Saved entries
────

lemma tensor_eq_Cons_snoc:
  assumes "x \<in> tuples Ms" "set l \<subseteq> tuples Ms"
  shows "tensor_eq Ms R ract lact (x # l) (l @ [x])"
  using assms(2)
proof (induction l)
  case Nil
  then show ?case using assms(1) by (auto intro: tensor_eq.refl)
next
  case (Cons y l)
  have "tensor_eq Ms R ract lact ([x, y] @ l) ([y, x] @ l)"
    using Cons assms(1) by (intro tensor_eq.app tensor_eq.swap tensor_eq.refl) auto
  moreover have "tensor_eq Ms R ract lact ([y] @ x # l) ([y] @ l @ [x])"
    using Cons by (intro tensor_eq.app tensor_eq.refl) auto
  ultimately show ?case by (auto intro: tensor_eq.trans)
qed

lemma tensor_eq_mset:
  assumes "set l \<subseteq> tuples Ms" "mset l = mset l'"
  shows "tensor_eq Ms R ract lact l l'"
  using assms
proof (induction l arbitrary: l')
  case Nil
  then show ?case by (auto intro: tensor_eq.refl)
next
  case (Cons x l)
  then have "x \<in> set l'" by (metis list.set_intros(1) set_mset_mset)
  then obtain l1 l2 where l': "l' = l1 @ x # l2" by (meson split_list)
  with Cons.prems have l12: "mset l = mset (l1 @ l2)" by simp
  then have "set (l1 @ l2) \<subseteq> tuples Ms"
    using Cons.prems(1) by (metis mset_eq_setD set_subset_Cons subset_trans)
  have "tensor_eq Ms R ract lact ([x] @ l) ([x] @ l1 @ l2)"
    using Cons l12 by (intro tensor_eq.app tensor_eq.refl) auto
  moreover have "tensor_eq Ms R ract lact ((x # l1) @ l2) ((l1 @ [x]) @ l2)"
    using Cons.prems \<open>set (l1 @ l2) \<subseteq> tuples Ms\<close>
    by (intro tensor_eq.app tensor_eq_Cons_snoc tensor_eq.refl) auto
  ultimately show ?case using l' by (auto intro: tensor_eq.trans)
qed

lemma tensor_eq_update_sum_list:
  assumes "x \<in> tuples Ms" "i < length Ms" "set vs \<subseteq> Ms ! i" "0 \<in> Ms ! i"
    and closed: "\<And>a b. a \<in> Ms ! i \<Longrightarrow> b \<in> Ms ! i \<Longrightarrow> a + b \<in> Ms ! i"
  shows "tensor_eq Ms R ract lact [x[i := sum_list vs]] (map (\<lambda>v. x[i := v]) vs)"
  using assms(3)
proof (induction vs)
  case Nil
  then show ?case using assms by (auto intro!: tensor_eq.zero tuples_update simp: tuples_length)
next
  case (Cons v vs)
  have "sum_list vs \<in> Ms ! i" using Cons.prems assms(4) closed by (induction vs) auto
  then have "tensor_eq Ms R ract lact [(x[i := v])[i := x[i := v] ! i + x[i := sum_list vs] ! i]]
      [x[i := v], x[i := sum_list vs]]"
    using assms Cons.prems closed
    by (intro tensor_eq.add) (auto intro: tuples_update simp: tuples_length nth_list_update)
  then have "tensor_eq Ms R ract lact [x[i := v + sum_list vs]] [x[i := v], x[i := sum_list vs]]"
    using assms(1,2) by (simp add: tuples_length)
  moreover have "tensor_eq Ms R ract lact ([x[i := v]] @ [x[i := sum_list vs]]) ([x[i := v]] @ map (\<lambda>v. x[i := v]) vs)"
    using Cons assms(1) by (intro tensor_eq.app tensor_eq.refl) (auto intro: tuples_update)
  ultimately show ?case by (auto intro: tensor_eq.trans)
qed

section \<open>Evaluating formal tensors of maps\<close>

lemma sum_list_map_swap:
  fixes f :: "'x \<Rightarrow> 'y \<Rightarrow> 'z::comm_monoid_add"
  shows "(\<Sum>x\<leftarrow>xs. \<Sum>y\<leftarrow>ys. f x y) = (\<Sum>y\<leftarrow>ys. \<Sum>x\<leftarrow>xs. f x y)"
  by (induction xs) (simp_all add: sum_list_addf)

lemma sum_list_map_concat: "sum_list (map f (concat xss)) = (\<Sum>xs\<leftarrow>xss. sum_list (map f xs))"
  by (induction xss) auto

lemma sum_list_fun_apply: "sum_list fs a = (\<Sum>f\<leftarrow>fs. f a)"
  by (induction fs) auto

lemma mset_map_conv_sum_list: "mset (map f xs) = (\<Sum>x\<leftarrow>xs. {#f x#})"
  by (induction xs) auto

lemma mset_concat_map_swap:
  "mset (concat (map (\<lambda>p. map (f p) ys) ps)) = mset (concat (map (\<lambda>y. map (\<lambda>p. f p y) ps) ys))"
  unfolding mset_concat map_map o_def mset_map_conv_sum_list by (rule sum_list_map_swap)

lemma prod_list_update_add:
  fixes xs :: "'a::semiring_1 list"
  shows "i < length xs \<Longrightarrow> prod_list (xs[i := a + b]) = prod_list (xs[i := a]) + prod_list (xs[i := b])"
proof (induction xs arbitrary: i)
  case (Cons c xs)
  then show ?case by (cases i) (simp_all add: distrib_left distrib_right)
qed simp

lemma prod_list_update_balance:
  fixes xs :: "'a::monoid_mult list"
  shows "Suc i < length xs \<Longrightarrow> prod_list (xs[i := xs ! i * r]) = prod_list (xs[Suc i := r * xs ! Suc i])"
proof (induction xs arbitrary: i)
  case (Cons c xs)
  then show ?case by (cases i; cases xs) (auto simp: mult.assoc)
qed simp

lemma prod_list_zero:
  fixes xs :: "'a::semiring_1 list"
  shows "0 \<in> set xs \<Longrightarrow> prod_list xs = 0"
  by (induction xs) auto

definition prod_apply :: "('a::ring_1 \<Rightarrow> 'a) list \<Rightarrow> 'a list \<Rightarrow> 'a" where
  "prod_apply fs xs = prod_list (map2 (\<lambda>f a. f a) fs xs)"

lemma prod_apply_Nil [simp]: "prod_apply [] xs = 1"
  by (simp add: prod_apply_def)

lemma prod_apply_Cons [simp]: "prod_apply (f # fs) (a # xs) = f a * prod_apply fs xs"
  by (simp add: prod_apply_def)

lemma prod_apply_update_arg:
  "length fs = length xs \<Longrightarrow>
    prod_apply fs (xs[i := a]) = prod_list ((map2 (\<lambda>f a. f a) fs xs)[i := (fs ! i) a])"
  unfolding prod_apply_def
  by (cases "i < length xs"; intro arg_cong[where f = prod_list] nth_equalityI)
    (auto simp: nth_list_update list_update_beyond)

lemma prod_apply_update_fun:
  "length fs = length xs \<Longrightarrow>
    prod_apply (fs[i := g]) xs = prod_list ((map2 (\<lambda>f a. f a) fs xs)[i := g (xs ! i)])"
  unfolding prod_apply_def
  by (cases "i < length xs"; intro arg_cong[where f = prod_list] nth_equalityI)
    (auto simp: nth_list_update list_update_beyond)

lemma list_update_nth_eq:
  "length ys = length xs \<Longrightarrow> \<forall>j. j \<noteq> i \<longrightarrow> xs ! j = ys ! j \<Longrightarrow> ys = xs[i := ys ! i]"
  by (cases "i < length xs"; rule nth_equalityI) (auto simp: nth_list_update list_update_beyond)

lemma prod_apply_add_arg:
  assumes "length fs = length xs" "length ys = length xs" "i < length xs"
    and "\<forall>j. j \<noteq> i \<longrightarrow> xs ! j = ys ! j" and "additive (fs ! i)"
  shows "prod_apply fs (xs[i := xs ! i + ys ! i]) = prod_apply fs xs + prod_apply fs ys"
proof -
  let ?m = "map2 (\<lambda>f a. f a) fs xs"
  have "prod_apply fs (xs[i := xs ! i + ys ! i]) = prod_list (?m[i := (fs ! i) (xs ! i) + (fs ! i) (ys ! i)])"
    using assms(1,5) by (simp add: prod_apply_update_arg additive_def)
  also have "\<dots> = prod_apply fs (xs[i := xs ! i]) + prod_apply fs (xs[i := ys ! i])"
    unfolding prod_apply_update_arg[OF assms(1)] using assms(1,3) by (intro prod_list_update_add) simp
  also have "\<dots> = prod_apply fs xs + prod_apply fs ys"
    by (simp add: list_update_nth_eq[OF assms(2,4), symmetric])
  finally show ?thesis .
qed

lemma prod_apply_add_fun:
  assumes "length fs = length xs" "length gs = length xs" "i < length xs"
    and "\<forall>j. j \<noteq> i \<longrightarrow> fs ! j = gs ! j"
  shows "prod_apply (fs[i := fs ! i + gs ! i]) xs = prod_apply fs xs + prod_apply gs xs"
proof -
  let ?m = "map2 (\<lambda>f a. f a) fs xs"
  have "prod_apply (fs[i := fs ! i + gs ! i]) xs = prod_list (?m[i := (fs ! i) (xs ! i) + (gs ! i) (xs ! i)])"
    using assms(1) by (simp add: prod_apply_update_fun)
  also have "\<dots> = prod_apply (fs[i := fs ! i]) xs + prod_apply (fs[i := gs ! i]) xs"
    unfolding prod_apply_update_fun[OF assms(1)] using assms(1,3) by (intro prod_list_update_add) simp
  also have "\<dots> = prod_apply fs xs + prod_apply gs xs"
    using list_update_nth_eq[of gs fs i] assms(1,2,4) by (simp add: HOL.eq_commute[of gs])
  finally show ?thesis .
qed

lemma prod_apply_zero_arg:
  assumes "length fs = length xs" "i < length xs" "xs ! i = 0" "additive (fs ! i)"
  shows "prod_apply fs xs = 0"
proof -
  have "(fs ! i) (xs ! i) = 0"
    using assms(3,4) unfolding additive_def by (metis add_cancel_right_right)
  then have "0 \<in> set (map2 (\<lambda>f a. f a) fs xs)"
    using assms(1,2) by (force simp: in_set_conv_nth)
  then show ?thesis unfolding prod_apply_def by (rule prod_list_zero)
qed

lemma prod_apply_zero_fun:
  assumes "length fs = length xs" "i < length xs" "fs ! i = 0"
  shows "prod_apply fs xs = 0"
proof -
  have "0 \<in> set (map2 (\<lambda>f a. f a) fs xs)"
    using assms by (force simp: in_set_conv_nth)
  then show ?thesis unfolding prod_apply_def by (rule prod_list_zero)
qed

lemma prod_apply_balance_arg:
  assumes "length fs = length xs" "Suc i < length xs"
    and "\<And>z. (fs ! i) (z * c) = (fs ! i) z * c" "\<And>z. (fs ! Suc i) (c * z) = c * (fs ! Suc i) z"
  shows "prod_apply fs (xs[i := xs ! i * c]) = prod_apply fs (xs[Suc i := c * xs ! Suc i])"
  using assms prod_list_update_balance[of i "map2 (\<lambda>f a. f a) fs xs" c]
  by (simp add: prod_apply_update_arg)

lemma prod_apply_balance_fun:
  assumes "length fs = length xs" "Suc i < length xs"
  shows "prod_apply (fs[i := ractF (fs ! i) r]) xs = prod_apply (fs[Suc i := lactF r (fs ! Suc i)]) xs"
  using assms prod_list_update_balance[of i "map2 (\<lambda>f a. f a) fs xs" r]
  by (simp add: prod_apply_update_fun ractF_def lactF_def)

lemma prod_apply_lactF_first:
  "fs \<noteq> [] \<Longrightarrow> xs \<noteq> [] \<Longrightarrow> prod_apply (fs[0 := lactF r (fs ! 0)]) xs = r * prod_apply fs xs"
  by (cases fs; cases xs) (simp_all add: lactF_def mult.assoc)

lemma eval_tensor_conv_sum_list: "eval_tensor t l = (\<Sum>x\<leftarrow>l. \<Sum>y\<leftarrow>t. prod_apply y x)"
  unfolding eval_tensor_def prod_apply_def by (induction l) auto

lemma eval_tensor_conv_sum_list': "eval_tensor t l = (\<Sum>y\<leftarrow>t. \<Sum>x\<leftarrow>l. prod_apply y x)"
  unfolding eval_tensor_conv_sum_list by (rule sum_list_map_swap)

lemma eval_tensor_append: "eval_tensor t (l @ l') = eval_tensor t l + eval_tensor t l'"
  by (simp add: eval_tensor_conv_sum_list)

lemma eval_tensor_singleton: "eval_tensor t [x] = (\<Sum>y\<leftarrow>t. prod_apply y x)"
  by (simp add: eval_tensor_conv_sum_list)

lemma Eset_iff: "f \<in> Eset \<phi> \<longleftrightarrow> (\<forall>x y. f (x + y) = f x + f y) \<and> (\<forall>b x. f (\<phi> b * x) = \<phi> b * f x)"
  by (simp add: Eset_def additive_def)

lemma Sset_iff: "f \<in> Sset \<phi> \<longleftrightarrow> f \<in> Eset \<phi> \<and> (\<forall>b x. f (x * \<phi> b) = f x * \<phi> b)"
  by (auto simp: Sset_def Eset_def)

lemma Sset_subset_Eset: "Sset \<phi> \<subseteq> Eset \<phi>"
  by (auto simp: Sset_iff)

lemma zero_in_Eset: "0 \<in> Eset \<phi>"
  by (simp add: Eset_iff)

lemma zero_in_Sset: "0 \<in> Sset \<phi>"
  by (simp add: Sset_iff zero_in_Eset)

lemma add_in_Eset: "f \<in> Eset \<phi> \<Longrightarrow> g \<in> Eset \<phi> \<Longrightarrow> f + g \<in> Eset \<phi>"
  by (simp add: Eset_iff algebra_simps)

lemma add_in_Sset: "f \<in> Sset \<phi> \<Longrightarrow> g \<in> Sset \<phi> \<Longrightarrow> f + g \<in> Sset \<phi>"
  by (simp add: Sset_iff add_in_Eset algebra_simps)

lemma lactF_in_Eset: "r \<in> Rset \<phi> \<Longrightarrow> f \<in> Eset \<phi> \<Longrightarrow> lactF r f \<in> Eset \<phi>"
  by (simp add: Eset_iff Rset_def lactF_def algebra_simps flip: mult.assoc)

lemma lactF_in_Sset: "r \<in> Rset \<phi> \<Longrightarrow> f \<in> Sset \<phi> \<Longrightarrow> lactF r f \<in> Sset \<phi>"
  using lactF_in_Eset[of r \<phi> f] by (simp add: Sset_iff lactF_def mult.assoc)

lemma ractF_in_Sset: "r \<in> Rset \<phi> \<Longrightarrow> f \<in> Sset \<phi> \<Longrightarrow> ractF f r \<in> Sset \<phi>"
  by (simp add: Sset_iff Eset_iff Rset_def ractF_def algebra_simps)
lemma no_plane_K33:
  fixes A B :: "nat \<Rightarrow> complex" and \<gamma> :: "nat \<Rightarrow> nat \<Rightarrow> real \<Rightarrow> complex"
  assumes arc_ij: "\<And>i j. i < 3 \<Longrightarrow> j < 3 \<Longrightarrow>
      arc (\<gamma> i j) \<and> pathstart (\<gamma> i j) = A i \<and> pathfinish (\<gamma> i j) = B j"
    and meet_ij: "\<And>i j i' j'. i < 3 \<Longrightarrow> j < 3 \<Longrightarrow> i' < 3 \<Longrightarrow> j' < 3 \<Longrightarrow> (i, j) \<noteq> (i', j') \<Longrightarrow>
      path_image (\<gamma> i j) \<inter> path_image (\<gamma> i' j')
        \<subseteq> (if i = i' then {A i} else {}) \<union> (if j = j' then {B j} else {})"
  shows False
proof -
  have ends: "A i \<in> path_image (\<gamma> i j)" "B j \<in> path_image (\<gamma> i j)" "A i \<noteq> B j"
    if "i < 3" "j < 3" for i j
    using arc_ij[OF that] pathstart_in_path_image[of "\<gamma> i j"] pathfinish_in_path_image[of "\<gamma> i j"]
      arc_distinct_ends[of "\<gamma> i j"] by auto
  define P where "P l = \<gamma> 0 l +++ reversepath (\<gamma> 1 l)" for l
  have P: "arc (P l) \<and> pathstart (P l) = A 0 \<and> pathfinish (P l) = A 1
      \<and> path_image (P l) = path_image (\<gamma> 0 l) \<union> path_image (\<gamma> 1 l)" if "l < 3" for l
  proof -
    have "arc (P l)"
      unfolding P_def using arc_ij[of 0 l] arc_ij[of 1 l] meet_ij[of 0 l 1 l] that
      by (intro arc_join) (auto simp: arc_reversepath)
    then show ?thesis
      using arc_ij[of 0 l] arc_ij[of 1 l] that by (simp add: P_def path_image_join)
  qed
  have P_meet: "path_image (P l) \<inter> path_image (P l') = {A 0, A 1}"
    if "l < 3" "l' < 3" "l \<noteq> l'" for l l'
  proof
    show "path_image (P l) \<inter> path_image (P l') \<subseteq> {A 0, A 1}"
      using P[of l] P[of l'] meet_ij[of 0 l 0 l'] meet_ij[of 0 l 1 l'] meet_ij[of 1 l 0 l']
        meet_ij[of 1 l 1 l'] that by auto
    show "{A 0, A 1} \<subseteq> path_image (P l) \<inter> path_image (P l')"
      using P[of l] P[of l'] ends[of 0 l] ends[of 0 l'] ends[of 1 l] ends[of 1 l'] that by auto
  qed
  interpret theta_curve "A 0" "A 1" "P 0" "P 1" "P 2"
    using P[of 0] P[of 1] P[of 2] P_meet[of 0 1] P_meet[of 0 2] P_meet[of 1 2]
    by unfold_locales simp_all
  \<comment> \<open>The star at A 2 avoids the theta curve but accumulates at a point of each of its open arcs.\<close>
  define K where "K = (\<Union>j<3. path_image (\<gamma> 2 j) - {B j})"
  have "connected K"
    unfolding K_def
  proof (rule connected_Union)
    show "connected X" if "X \<in> (\<lambda>j. path_image (\<gamma> 2 j) - {B j}) ` {..<3}" for X
    proof -
      from that obtain j where "j < 3" "X = path_image (\<gamma> 2 j) - {B j}" by auto
      then show ?thesis using connected_arc_minus_finish[of "\<gamma> 2 j"] arc_ij[of 2 j] by simp
    qed
    have "A 2 \<in> \<Inter> ((\<lambda>j. path_image (\<gamma> 2 j) - {B j}) ` {..<3})"
      using ends[of 2] by auto
    then show "\<Inter> ((\<lambda>j. path_image (\<gamma> 2 j) - {B j}) ` {..<3}) \<noteq> {}"
      by blast
  qed
  moreover have "K \<inter> (path_image (P 0) \<union> path_image (P 1) \<union> path_image (P 2)) = {}"
  proof -
    have avoid: "(path_image (\<gamma> 2 j) - {B j}) \<inter> (path_image (\<gamma> 0 l) \<union> path_image (\<gamma> 1 l)) = {}"
      if "j < 3" "l < 3" for j l
      using meet_ij[of 2 j 0 l] meet_ij[of 2 j 1 l] that by (auto split: if_splits)
    have "K \<inter> path_image (P l) = {}" if "l < 3" for l
      unfolding K_def using P[OF that] avoid[OF _ that] by blast
    then show ?thesis
      by (simp add: Int_Un_distrib)
  qed
  ultimately have "closure K \<inter> (path_image (P 0) - {A 0, A 1}) = {}
      \<or> closure K \<inter> (path_image (P 1) - {A 0, A 1}) = {}
      \<or> closure K \<inter> (path_image (P 2) - {A 0, A 1}) = {}"
    by (rule closure_misses_an_interior)
  then obtain l where "l < 3" and l: "closure K \<inter> (path_image (P l) - {A 0, A 1}) = {}"
    using that[of 0] that[of 1] that[of 2] by auto
  have star_l: "path_image (\<gamma> 2 l) - {B l} \<subseteq> K"
    unfolding K_def using \<open>l < 3\<close> by blast
  have "B l \<in> closure K"
    using closure_mono[OF star_l] arc_finish_in_closure[of "\<gamma> 2 l"] arc_ij[of 2 l] \<open>l < 3\<close> by auto
  moreover have "B l \<in> path_image (P l) - {A 0, A 1}"
    using P[of l] ends[of 0 l] ends[of 1 l] \<open>l < 3\<close> by auto
  ultimately show False
    using l by blast
qed

definition edge_arc :: "('b \<Rightarrow> complex) \<Rightarrow> ('b set \<Rightarrow> real \<Rightarrow> complex) \<Rightarrow> 'b \<Rightarrow> 'b \<Rightarrow> real \<Rightarrow> complex" where
  "edge_arc f g u v = (if pathstart (g {u, v}) = f u then g {u, v} else reversepath (g {u, v}))"

fun walk_edges :: "'b list \<Rightarrow> 'b set set" where
  "walk_edges (u # v # vs) = insert {u, v} (walk_edges (v # vs))"
| "walk_edges _ = {}"

fun walk_arc :: "('b \<Rightarrow> complex) \<Rightarrow> ('b set \<Rightarrow> real \<Rightarrow> complex) \<Rightarrow> 'b list \<Rightarrow> real \<Rightarrow> complex" where
  "walk_arc f g [u, v] = edge_arc f g u v"
| "walk_arc f g (u # v # w # vs) = edge_arc f g u v +++ walk_arc f g (v # w # vs)"
| "walk_arc f g _ = linepath 0 0"

lemma walk_edges_subset: "e \<in> walk_edges vs \<Longrightarrow> e \<subseteq> set vs"
  by (induction vs rule: walk_edges.induct) auto

lemma walk_edges_doubleton: "distinct vs \<Longrightarrow> e \<in> walk_edges vs \<Longrightarrow> \<exists>u v. e = {u, v} \<and> u \<noteq> v"
  by (induction vs rule: walk_edges.induct) auto

lemma walk_edges_graph_edges:
  "set vs \<subseteq> W \<Longrightarrow> successively R vs \<Longrightarrow> walk_edges vs \<subseteq> graph_edges W R"
  by (induction vs rule: walk_edges.induct) (auto simp: graph_edges_def)

locale plane_drawing =
  fixes W :: "'b set" and R :: "'b \<Rightarrow> 'b \<Rightarrow> bool"
    and f :: "'b \<Rightarrow> complex" and g :: "'b set \<Rightarrow> real \<Rightarrow> complex"
  assumes inj_f: "inj_on f W"
    and edges: "\<forall>u\<in>W. \<forall>v\<in>W. R u v \<longrightarrow>
      arc (g {u, v}) \<and> {pathstart (g {u, v}), pathfinish (g {u, v})} = {f u, f v}
      \<and> path_image (g {u, v}) \<inter> f ` W = {f u, f v}"
    and crossings: "\<forall>e\<in>graph_edges W R. \<forall>e'\<in>graph_edges W R. e \<noteq> e' \<longrightarrow>
      path_image (g e) \<inter> path_image (g e') \<subseteq> f ` (e \<inter> e')"
begin

lemma edge_arc_joins:
  assumes "u \<in> W" "v \<in> W" "R u v" "u \<noteq> v"
  shows "arc (edge_arc f g u v) \<and> pathstart (edge_arc f g u v) = f u
    \<and> pathfinish (edge_arc f g u v) = f v \<and> path_image (edge_arc f g u v) = path_image (g {u, v})"
proof -
  have e: "arc (g {u, v})" "{pathstart (g {u, v}), pathfinish (g {u, v})} = {f u, f v}"
    using edges assms(1-3) by auto
  have "f u \<noteq> f v"
    using inj_f assms by (auto dest: inj_onD)
  then show ?thesis
    using e by (auto simp: edge_arc_def arc_reversepath doubleton_eq_iff)
qed
lemma Astar_eq:
  assumes "x \<bullet> x = 1"
  shows "Astar J x w = J w - (J w \<bullet> x) *\<^sub>R x - (x \<bullet> w) *\<^sub>R J x"
  unfolding Astar_def
proof (rule the_equality)
  let ?u = "J w - (J w \<bullet> x) *\<^sub>R x - (x \<bullet> w) *\<^sub>R J x"
  have adjoint: "Aop J (\<lambda>_. v) x \<bullet> w = v \<bullet> ?u" if "v \<bullet> x = 0" for v
    using assms that
    by (simp add: Aop_eq tanp_def inner_diff_left inner_diff_right inner_J_right inner_J_left[of x v]
        inner_J_left[of w v] inner_commute[of x w] algebra_simps)
  show "?u \<bullet> x = 0 \<and> (\<forall>v. v \<bullet> x = 0 \<longrightarrow> Aop J (\<lambda>_. v) x \<bullet> w = v \<bullet> ?u)"
    using assms adjoint by (simp add: inner_diff_left)
  fix u assume u: "u \<bullet> x = 0 \<and> (\<forall>v. v \<bullet> x = 0 \<longrightarrow> Aop J (\<lambda>_. v) x \<bullet> w = v \<bullet> u)"
  have "(u - ?u) \<bullet> x = 0"
    using u assms by (simp add: inner_diff_left)
  with u adjoint have "(u - ?u) \<bullet> (u - ?u) = 0"
    by (simp add: inner_diff_right)
  then show "u = ?u" by simp
qed

lemma perp_orthogonal:
  assumes "x \<bullet> x = 1"
  shows "perp J Y x \<bullet> J x = 0" "perp J Y x \<bullet> x = Y x \<bullet> x"
  using assms by (simp_all add: perp_def inner_diff_left inner_commute[of "Y x" "J x"])

lemma tau_lift_eq:
  assumes "x \<bullet> x = 1" "X x \<bullet> x = 0"
  shows "tau_lift J X x = (X x, J (X x))"
proof -
  have "Aop J X x \<bullet> x = 0" "Aop J X x \<bullet> J x = 0"
    using assms by (simp_all add: Aop_eq tanp_def inner_diff_left inner_J_left[of "X x" x])
  with assms show ?thesis
    by (simp add: tau_lift_def tlift_def pt_def hlift_eq vlift_eq Aop_eq tanp_def inner_J_left[of "X x" x])
qed

lemma nu_lift_eq:
  assumes "x \<bullet> x = 1" "Y x \<bullet> x = 0"
  shows "nu_lift J Y x = (J (perp J Y x), perp J Y x)"
proof -
  note JY = inner_J_swap[of "Y x" x]
  have "Astar J x (Y x) = J (perp J Y x)"
    using assms by (simp add: Astar_eq perp_def JY inner_commute[of x "Y x"])
  moreover have "J (perp J Y x) \<bullet> x = 0" "J (perp J Y x) \<bullet> J x = 0"
    using assms perp_orthogonal[OF assms(1), of Y] by (simp_all add: perp_def inner_add_left JY)
  ultimately show ?thesis
    using assms
    by (simp add: nu_lift_def tlift_def pt_def hlift_eq vlift_eq perp_def inner_commute[of "Y x" "J x"])
qed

────

◆ **Work to complete**
Can you write out the lines above, from the first one through the one containing "case (Cons y l)", exactly as they appear and nothing more?

◆ **Response**
lemma tensor_eq_Cons_snoc:
  assumes "x \<in> tuples Ms" "set l \<subseteq> tuples Ms"
  shows "tensor_eq Ms R ract lact (x # l) (l @ [x])"
  using assms(2)
proof (induction l)
  case Nil
  then show ?case using assms(1) by (auto intro: tensor_eq.refl)
next
  case (Cons y l)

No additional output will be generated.